Write the listing out again, exactly as it reads below.
================================
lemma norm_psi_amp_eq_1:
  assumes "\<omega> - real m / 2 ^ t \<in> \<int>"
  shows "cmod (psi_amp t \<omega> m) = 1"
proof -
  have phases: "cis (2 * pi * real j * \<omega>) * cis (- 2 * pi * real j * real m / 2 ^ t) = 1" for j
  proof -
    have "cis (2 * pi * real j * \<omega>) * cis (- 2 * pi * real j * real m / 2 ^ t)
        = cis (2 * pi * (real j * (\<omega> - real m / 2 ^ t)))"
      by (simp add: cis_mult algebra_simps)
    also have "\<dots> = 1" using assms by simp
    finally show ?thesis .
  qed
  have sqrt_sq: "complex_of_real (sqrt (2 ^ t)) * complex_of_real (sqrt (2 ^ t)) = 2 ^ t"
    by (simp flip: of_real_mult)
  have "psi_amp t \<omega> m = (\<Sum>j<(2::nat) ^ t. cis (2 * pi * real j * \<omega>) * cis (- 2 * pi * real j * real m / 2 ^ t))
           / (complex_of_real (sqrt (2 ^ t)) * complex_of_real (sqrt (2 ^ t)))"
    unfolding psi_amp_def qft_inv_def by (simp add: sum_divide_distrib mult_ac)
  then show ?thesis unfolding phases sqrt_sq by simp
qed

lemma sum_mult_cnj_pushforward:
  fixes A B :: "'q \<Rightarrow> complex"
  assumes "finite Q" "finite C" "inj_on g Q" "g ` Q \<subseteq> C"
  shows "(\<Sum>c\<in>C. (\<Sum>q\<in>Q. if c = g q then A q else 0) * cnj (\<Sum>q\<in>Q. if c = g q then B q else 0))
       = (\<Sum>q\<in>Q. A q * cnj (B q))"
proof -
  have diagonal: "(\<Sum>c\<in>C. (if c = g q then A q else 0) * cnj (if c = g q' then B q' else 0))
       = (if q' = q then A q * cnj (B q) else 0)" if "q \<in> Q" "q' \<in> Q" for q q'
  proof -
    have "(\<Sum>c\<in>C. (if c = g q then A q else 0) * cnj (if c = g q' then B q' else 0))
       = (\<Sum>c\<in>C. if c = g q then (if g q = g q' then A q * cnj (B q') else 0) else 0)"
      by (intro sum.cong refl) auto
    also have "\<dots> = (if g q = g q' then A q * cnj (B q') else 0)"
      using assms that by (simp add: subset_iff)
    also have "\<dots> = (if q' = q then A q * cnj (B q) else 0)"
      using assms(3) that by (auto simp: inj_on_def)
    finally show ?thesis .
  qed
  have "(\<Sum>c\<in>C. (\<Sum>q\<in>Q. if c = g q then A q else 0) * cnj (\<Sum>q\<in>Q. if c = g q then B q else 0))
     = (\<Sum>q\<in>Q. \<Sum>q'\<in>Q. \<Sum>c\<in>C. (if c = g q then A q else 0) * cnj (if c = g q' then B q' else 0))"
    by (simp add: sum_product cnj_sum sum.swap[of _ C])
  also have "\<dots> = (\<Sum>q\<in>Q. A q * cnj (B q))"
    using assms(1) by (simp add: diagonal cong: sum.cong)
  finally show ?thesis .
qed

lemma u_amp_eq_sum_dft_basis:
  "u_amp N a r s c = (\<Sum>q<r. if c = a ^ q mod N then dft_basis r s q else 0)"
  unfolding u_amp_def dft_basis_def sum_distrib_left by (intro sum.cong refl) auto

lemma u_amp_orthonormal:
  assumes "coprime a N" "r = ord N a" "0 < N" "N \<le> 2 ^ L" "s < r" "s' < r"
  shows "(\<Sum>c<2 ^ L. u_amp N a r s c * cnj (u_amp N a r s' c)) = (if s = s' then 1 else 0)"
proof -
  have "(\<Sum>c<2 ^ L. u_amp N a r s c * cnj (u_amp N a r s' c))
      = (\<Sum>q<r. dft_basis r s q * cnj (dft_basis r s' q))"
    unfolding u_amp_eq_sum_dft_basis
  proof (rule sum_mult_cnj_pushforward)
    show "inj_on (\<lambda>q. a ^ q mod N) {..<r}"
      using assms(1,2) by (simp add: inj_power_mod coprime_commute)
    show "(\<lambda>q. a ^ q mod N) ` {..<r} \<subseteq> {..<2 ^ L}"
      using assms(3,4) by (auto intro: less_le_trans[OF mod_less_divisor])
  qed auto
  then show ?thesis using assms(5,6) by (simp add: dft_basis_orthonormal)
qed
================================
**TASK RESPONSE**
lemma norm_psi_amp_eq_1:
  assumes "\<omega> - real m / 2 ^ t \<in> \<int>"
  shows "cmod (psi_amp t \<omega> m) = 1"
proof -
  have phases: "cis (2 * pi * real j * \<omega>) * cis (- 2 * pi * real j * real m / 2 ^ t) = 1" for j
  proof -
    have "cis (2 * pi * real j * \<omega>) * cis (- 2 * pi * real j * real m / 2 ^ t)
        = cis (2 * pi * (real j * (\<omega> - real m / 2 ^ t)))"
      by (simp add: cis_mult algebra_simps)
    also have "\<dots> = 1" using assms by simp
    finally show ?thesis .
  qed
  have sqrt_sq: "complex_of_real (sqrt (2 ^ t)) * complex_of_real (sqrt (2 ^ t)) = 2 ^ t"
    by (simp flip: of_real_mult)
  have "psi_amp t \<omega> m = (\<Sum>j<(2::nat) ^ t. cis (2 * pi * real j * \<omega>) * cis (- 2 * pi * real j * real m / 2 ^ t))
           / (complex_of_real (sqrt (2 ^ t)) * complex_of_real (sqrt (2 ^ t)))"
    unfolding psi_amp_def qft_inv_def by (simp add: sum_divide_distrib mult_ac)
  then show ?thesis unfolding phases sqrt_sq by simp
qed

lemma sum_mult_cnj_pushforward:
  fixes A B :: "'q \<Rightarrow> complex"
  assumes "finite Q" "finite C" "inj_on g Q" "g ` Q \<subseteq> C"
  shows "(\<Sum>c\<in>C. (\<Sum>q\<in>Q. if c = g q then A q else 0) * cnj (\<Sum>q\<in>Q. if c = g q then B q else 0))
       = (\<Sum>q\<in>Q. A q * cnj (B q))"
proof -
  have diagonal: "(\<Sum>c\<in>C. (if c = g q then A q else 0) * cnj (if c = g q' then B q' else 0))
       = (if q' = q then A q * cnj (B q) else 0)" if "q \<in> Q" "q' \<in> Q" for q q'
  proof -
    have "(\<Sum>c\<in>C. (if c = g q then A q else 0) * cnj (if c = g q' then B q' else 0))
       = (\<Sum>c\<in>C. if c = g q then (if g q = g q' then A q * cnj (B q') else 0) else 0)"
      by (intro sum.cong refl) auto
    also have "\<dots> = (if g q = g q' then A q * cnj (B q') else 0)"
      using assms that by (simp add: subset_iff)
    also have "\<dots> = (if q' = q then A q * cnj (B q) else 0)"
      using assms(3) that by (auto simp: inj_on_def)
    finally show ?thesis .
  qed
  have "(\<Sum>c\<in>C. (\<Sum>q\<in>Q. if c = g q then A q else 0) * cnj (\<Sum>q\<in>Q. if c = g q then B q else 0))
     = (\<Sum>q\<in>Q. \<Sum>q'\<in>Q. \<Sum>c\<in>C. (if c = g q then A q else 0) * cnj (if c = g q' then B q' else 0))"
    by (simp add: sum_product cnj_sum sum.swap[of _ C])
  also have "\<dots> = (\<Sum>q\<in>Q. A q * cnj (B q))"
    using assms(1) by (simp add: diagonal cong: sum.cong)
  finally show ?thesis .
qed

lemma u_amp_eq_sum_dft_basis:
  "u_amp N a r s c = (\<Sum>q<r. if c = a ^ q mod N then dft_basis r s q else 0)"
  unfolding u_amp_def dft_basis_def sum_distrib_left by (intro sum.cong refl) auto

lemma u_amp_orthonormal:
  assumes "coprime a N" "r = ord N a" "0 < N" "N \<le> 2 ^ L" "s < r" "s' < r"
  shows "(\<Sum>c<2 ^ L. u_amp N a r s c * cnj (u_amp N a r s' c)) = (if s = s' then 1 else 0)"
proof -
  have "(\<Sum>c<2 ^ L. u_amp N a r s c * cnj (u_amp N a r s' c))
      = (\<Sum>q<r. dft_basis r s q * cnj (dft_basis r s' q))"
    unfolding u_amp_eq_sum_dft_basis
  proof (rule sum_mult_cnj_pushforward)
    show "inj_on (\<lambda>q. a ^ q mod N) {..<r}"
      using assms(1,2) by (simp add: inj_power_mod coprime_commute)
    show "(\<lambda>q. a ^ q mod N) ` {..<r} \<subseteq> {..<2 ^ L}"
      using assms(3,4) by (auto intro: less_le_trans[OF mod_less_divisor])
  qed auto
  then show ?thesis using assms(5,6) by (simp add: dft_basis_orthonormal)
qed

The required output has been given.